◆ **Goal of the exercise**
Below are the records; copy every line in them that holds the string "lambda".

[Collected data]
=== Begin Enclosure ===

lemma trace_extend_local_prod:
  assumes K: "K \<subseteq> {0..<N}"
  shows "qtrace {0..<N} (qmult {0..<N} (extend_local N K Ob) (\<lambda>x y. \<Prod>n\<in>{0..<N}. A n (x n) (y n)))
       = qtrace K (qmult K Ob (\<lambda>x y. \<Prod>n\<in>K. A n (x n) (y n))) * (\<Prod>n\<in>{0..<N} - K. \<Sum>b\<in>UNIV. A n b b)"
proof -
  let ?I = "{0..<N}" and ?R = "qbasis ({0..<N} - K)"
  have I: "finite ?I" "K \<subseteq> ?I" using K by auto
  define PK where "PK a a' = (\<Prod>n\<in>K. A n (a' n) (a n))" for a a' :: "nat \<Rightarrow> bool"
  define PR where "PR c c' = (\<Prod>n\<in>?I - K. A n (c' n) (c n))" for c c' :: "nat \<Rightarrow> bool"
  have collapse: "(\<Sum>c'\<in>?R. extend_local N K Ob (qmerge K a c) (qmerge K a' c') * (PK a a' * PR c c'))
      = Ob a a' * PK a a' * PR c c" if "a \<in> qbasis K" "a' \<in> qbasis K" "c \<in> ?R" for a a' c
  proof -
    have "(\<Sum>c'\<in>?R. extend_local N K Ob (qmerge K a c) (qmerge K a' c') * (PK a a' * PR c c'))
        = (\<Sum>c'\<in>?R. if c = c' then Ob a a' * PK a a' * PR c c' else 0)"
      by (intro sum.cong refl) (simp add: extend_local_qmerge that)
    also have "\<dots> = Ob a a' * PK a a' * PR c c" using that by (simp add: finite_qbasis)
    finally show ?thesis .
  qed
  have "qtrace ?I (qmult ?I (extend_local N K Ob) (\<lambda>x y. \<Prod>n\<in>?I. A n (x n) (y n)))
      = (\<Sum>a\<in>qbasis K. \<Sum>c\<in>?R. \<Sum>a'\<in>qbasis K. \<Sum>c'\<in>?R.
           extend_local N K Ob (qmerge K a c) (qmerge K a' c') * (PK a a' * PR c c'))"
    unfolding qtrace_def qmult_def sum_qbasis_split[OF I] PK_def PR_def prod_qmerge[OF I] ..
  also have "\<dots> = (\<Sum>a\<in>qbasis K. \<Sum>c\<in>?R. \<Sum>a'\<in>qbasis K. Ob a a' * PK a a' * PR c c)"
    by (intro sum.cong refl) (simp add: collapse)
  also have "\<dots> = (\<Sum>a\<in>qbasis K. \<Sum>a'\<in>qbasis K. Ob a a' * PK a a') * (\<Sum>c\<in>?R. PR c c)"
    unfolding sum_distrib_left sum_distrib_right by (rule sum.swap)
  also have "(\<Sum>c\<in>?R. PR c c) = (\<Prod>n\<in>?I - K. \<Sum>b\<in>UNIV. A n b b)"
    unfolding PR_def by (rule sum_qbasis_prod) simp
  finally show ?thesis unfolding qtrace_def qmult_def PK_def .
qed

lemma trace_extend_local_sic_shadow:
  assumes sic: "is_qubit_SIC \<psi>" and K: "K \<subseteq> {0..<N}" and s: "s \<in> outcome_strings N"
  shows "qtrace {0..<N} (qmult {0..<N} (extend_local N K Ob) (sic_shadow \<psi> N s))
       = tensor_coeff K Ob (qubit_shadow \<psi>) s"
proof -
  have "sic_shadow \<psi> N s = (\<lambda>x y. \<Prod>n\<in>{0..<N}. qubit_shadow \<psi> (s n) (x n) (y n))"
    by (simp add: fun_eq_iff sic_shadow_eq_prod atLeast0LessThan)
  moreover have "(\<Prod>n\<in>{0..<N} - K. \<Sum>b\<in>UNIV. qubit_shadow \<psi> (s n) b b) = 1"
    using s by (intro prod.neutral ballI qubit_shadow_trace[OF sic]) (auto simp: outcome_strings_def)
  ultimately show ?thesis
    unfolding tensor_coeff_def using trace_extend_local_prod[OF K, of Ob "\<lambda>n. qubit_shadow \<psi> (s n)"] by simp
qed


text \<open>Completing \<open>\<psi>\<^bsub>t n\<^esub>\<close> by its orthogonal vector on the qubits of \<open>K\<close> and keeping the SIC
  frame elsewhere gives a family of product vectors resolving \<open>2\<^bsup>N - |K|\<^esup>\<close> times the identity;
  the product vectors of the outcomes \<open>s\<close> with \<open>s|\<^sub>K = t\<close> are among them.\<close>

lemma outcome_marginal_le:
  assumes sic: "is_qubit_SIC \<psi>" and d: "density_matrix N \<rho>"
    and K: "K \<subseteq> {0..<N}" and t: "t \<in> PiE K (\<lambda>_. {..<4})"
  shows "(\<Sum>s\<in>{s\<in>outcome_strings N. restrict s K = t}. outcome_prob \<psi> N \<rho> s) \<le> 1 / 2 ^ card K"
proof -
  let ?F = "{s\<in>outcome_strings N. restrict s K = t}"
  define J where "J n = (if n \<in> K then {t n, 4} else {..<4::nat})" for n
  define u where "u n j = (if n \<in> K \<and> j = 4 then qubit_perp (\<psi> (t n)) else \<psi> j)" for n j
  define C where "C n = (if n \<in> K then 1 else 2 :: complex)" for n
  define v where "v c x = (\<Prod>n\<in>{..<N}. u n (c n) (x n))" for c x
  have t4: "t n < 4" if "n \<in> K" for n using t that by auto
  have resolution: "(\<Sum>j\<in>J n. cnj (u n j a) * u n j b) = C n * kdelta a b" for n a b
  proof (cases "n \<in> K")
    case True
    then have "J n = {t n, 4}" "t n \<noteq> 4" using t4[OF True] by (auto simp: J_def)
    then have "(\<Sum>j\<in>J n. cnj (u n j a) * u n j b) = cnj (u n (t n) a) * u n (t n) b + cnj (u n 4 a) * u n 4 b"
      by simp
    also have "\<dots> = kdelta a b"
      using True \<open>t n \<noteq> 4\<close> qubit_perp_completeness[OF sic_unit_norm[OF sic t4[OF True]]]
      unfolding u_def by simp
    finally show ?thesis using True unfolding C_def by simp
  next
    case False
    then show ?thesis unfolding J_def u_def C_def by (simp add: sic_resolution'[OF sic])
  qed
  have psd: "psd_on {..<N} \<rho>" using d unfolding density_matrix_def atLeast0LessThan by blast
  have fiber: "?F \<subseteq> PiE {..<N} J"
    using K by (auto simp: outcome_strings_PiE J_def PiE_iff extensional_def restrict_def fun_eq_iff split: if_splits)
  have fiber_vec: "product_vec \<psi> N s = v s" if "s \<in> ?F" for s
  proof -
    have s4: "s n \<noteq> 4" if "n < N" for n
      using PiE_mem[of s "{..<N}" "\<lambda>_. {..<4}" n] \<open>s \<in> ?F\<close> that by (auto simp: outcome_strings_PiE)
    show ?thesis unfolding product_vec_def v_def by (intro ext prod.cong refl) (simp add: u_def s4)
  qed
  have "(\<Prod>n\<in>{..<N}. C n) = 2 ^ (N - card K)"
    unfolding C_def using K finite_subset[OF K]
    by (simp add: prod.If_cases Diff_eq[symmetric] card_Diff_subset atLeast0LessThan)
  then have frame: "(\<Sum>c\<in>PiE {..<N} J. qform {..<N} \<rho> (v c)) = 2 ^ (N - card K)"
    unfolding qform_def v_def
    by (subst sum_product_frame_expectation[OF _ _ resolution]) (auto simp: J_def density_matrix_trace[OF d])
  have "(\<Sum>s\<in>?F. outcome_prob \<psi> N \<rho> s) = (\<Sum>s\<in>?F. Re (qform {..<N} \<rho> (v s))) / 2 ^ N"
    unfolding outcome_prob_eq_qform atLeast0LessThan sum_divide_distrib by (simp add: fiber_vec)
  also have "\<dots> \<le> (\<Sum>c\<in>PiE {..<N} J. Re (qform {..<N} \<rho> (v c))) / 2 ^ N"
    by (intro divide_right_mono sum_mono2 fiber) (auto simp: J_def finite_PiE psd_on_qform(2)[OF psd])
  also have "\<dots> = 2 ^ (N - card K) / 2 ^ N"
    using arg_cong[OF frame, of Re] by simp
  also have "\<dots> = 1 / 2 ^ card K"
    using card_mono[OF _ K] by (simp add: power_diff)
  finally show ?thesis .
qed

lemma shadow_coeff_second_moment:
  assumes sic: "is_qubit_SIC \<psi>" and d: "density_matrix N \<rho>" and K: "K \<subseteq> {0..<N}"
  shows "(\<Sum>s\<in>outcome_strings N. outcome_prob \<psi> N \<rho> s * (cmod (tensor_coeff K Ob (qubit_shadow \<psi>) s))\<^sup>2)
       \<le> 3 ^ card K * hs_norm_sq K Ob"
proof -
  let ?T = "PiE K (\<lambda>_. {..<4::nat})" and ?S = "outcome_strings N"
  define h where "h t = (cmod (tensor_coeff K Ob (qubit_shadow \<psi>) t))\<^sup>2" for t
  have fK: "finite K" using K finite_subset by blast
  have h_restrict: "h (restrict s K) = h s" for s
    unfolding h_def by (subst tensor_coeff_cong[of K s "restrict s K"]) auto
  have "(\<Sum>s\<in>?S. outcome_prob \<psi> N \<rho> s * h s)
      = (\<Sum>t\<in>?T. \<Sum>s\<in>{s\<in>?S. restrict s K = t}. outcome_prob \<psi> N \<rho> s * h s)"
    by (rule sum.group[symmetric, OF finite_outcome_strings])
      (use K fK in \<open>auto simp: finite_PiE outcome_strings_def PiE_iff\<close>)
  also have "\<dots> = (\<Sum>t\<in>?T. h t * (\<Sum>s\<in>{s\<in>?S. restrict s K = t}. outcome_prob \<psi> N \<rho> s))"
    unfolding sum_distrib_left by (intro sum.cong refl) (auto simp: mult.commute h_restrict)
  also have "\<dots> \<le> (\<Sum>t\<in>?T. h t * (1 / 2 ^ card K))"
    by (intro sum_mono mult_left_mono outcome_marginal_le[OF sic d K]) (auto simp: h_def)
  also have "\<dots> \<le> 6 ^ card K * hs_norm_sq K Ob / 2 ^ card K"
    using sum_shadow_coeff_sq_le[OF sic fK, of Ob] unfolding h_def
    by (simp add: sum_divide_distrib[symmetric] divide_right_mono)
  also have "\<dots> = 3 ^ card K * hs_norm_sq K Ob"
  proof -
    have "(6::real) ^ card K = 3 ^ card K * 2 ^ card K" by (simp add: power_mult_distrib[symmetric])
    then show ?thesis by simp
  qed
  finally show ?thesis unfolding h_def .
qed

section \<open>Bernstein's inequality for i.i.d. samples\<close>

definition finite_distribution :: "'s set \<Rightarrow> ('s \<Rightarrow> real) \<Rightarrow> bool" where
  "finite_distribution S p \<longleftrightarrow> finite S \<and> (\<forall>s\<in>S. 0 \<le> p s) \<and> sum p S = 1"

definition iid_prob :: "'s set \<Rightarrow> ('s \<Rightarrow> real) \<Rightarrow> nat \<Rightarrow> ((nat \<Rightarrow> 's) \<Rightarrow> bool) \<Rightarrow> real" where
  "iid_prob S p M E = (\<Sum>\<omega>\<in>{0..<M} \<rightarrow>\<^sub>E S. if E \<omega> then \<Prod>m<M. p (\<omega> m) else 0)"

lemma iid_prob_cong:
  assumes "\<And>\<omega>. \<omega> \<in> {0..<M} \<rightarrow>\<^sub>E S \<Longrightarrow> E \<omega> \<longleftrightarrow> F \<omega>"
  shows "iid_prob S p M E = iid_prob S p M F"
  unfolding iid_prob_def using assms by (intro sum.cong) auto

lemma iid_prob_compl:
  assumes "finite_distribution S p"
  shows "iid_prob S p M (\<lambda>\<omega>. \<not> E \<omega>) = 1 - iid_prob S p M E"
proof -
  have "(\<Sum>\<omega>\<in>{0..<M} \<rightarrow>\<^sub>E S. \<Prod>m\<in>{0..<M}. p (\<omega> m)) = (\<Prod>m\<in>{0..<M}. \<Sum>s\<in>S. p s)"
    using assms unfolding finite_distribution_def by (intro prod_sum_PiE[symmetric]) auto
  also have "\<dots> = 1" using assms unfolding finite_distribution_def by simp
  finally have "(\<Sum>\<omega>\<in>{0..<M} \<rightarrow>\<^sub>E S. \<Prod>m<M. p (\<omega> m)) = 1" by (simp add: atLeast0LessThan)
  moreover have "(\<Sum>\<omega>\<in>{0..<M} \<rightarrow>\<^sub>E S. if \<not> E \<omega> then \<Prod>m<M. p (\<omega> m) else 0)
      + (\<Sum>\<omega>\<in>{0..<M} \<rightarrow>\<^sub>E S. if E \<omega> then \<Prod>m<M. p (\<omega> m) else 0)
      = (\<Sum>\<omega>\<in>{0..<M} \<rightarrow>\<^sub>E S. \<Prod>m<M. p (\<omega> m))"
    by (subst sum.distrib[symmetric]) (rule sum.cong; simp)
  ultimately show ?thesis unfolding iid_prob_def by linarith
qed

=== End Enclosure ===

◆ **Task result**
  shows "qtrace {0..<N} (qmult {0..<N} (extend_local N K Ob) (\<lambda>x y. \<Prod>n\<in>{0..<N}. A n (x n) (y n)))
       = qtrace K (qmult K Ob (\<lambda>x y. \<Prod>n\<in>K. A n (x n) (y n))) * (\<Prod>n\<in>{0..<N} - K. \<Sum>b\<in>UNIV. A n b b)"
  have "qtrace ?I (qmult ?I (extend_local N K Ob) (\<lambda>x y. \<Prod>n\<in>?I. A n (x n) (y n)))
  have "sic_shadow \<psi> N s = (\<lambda>x y. \<Prod>n\<in>{0..<N}. qubit_shadow \<psi> (s n) (x n) (y n))"
    unfolding tensor_coeff_def using trace_extend_local_prod[OF K, of Ob "\<lambda>n. qubit_shadow \<psi> (s n)"] by simp
    and K: "K \<subseteq> {0..<N}" and t: "t \<in> PiE K (\<lambda>_. {..<4})"
      using PiE_mem[of s "{..<N}" "\<lambda>_. {..<4}" n] \<open>s \<in> ?F\<close> that by (auto simp: outcome_strings_PiE)
  let ?T = "PiE K (\<lambda>_. {..<4::nat})" and ?S = "outcome_strings N"
  shows "iid_prob S p M (\<lambda>\<omega>. \<not> E \<omega>) = 1 - iid_prob S p M E"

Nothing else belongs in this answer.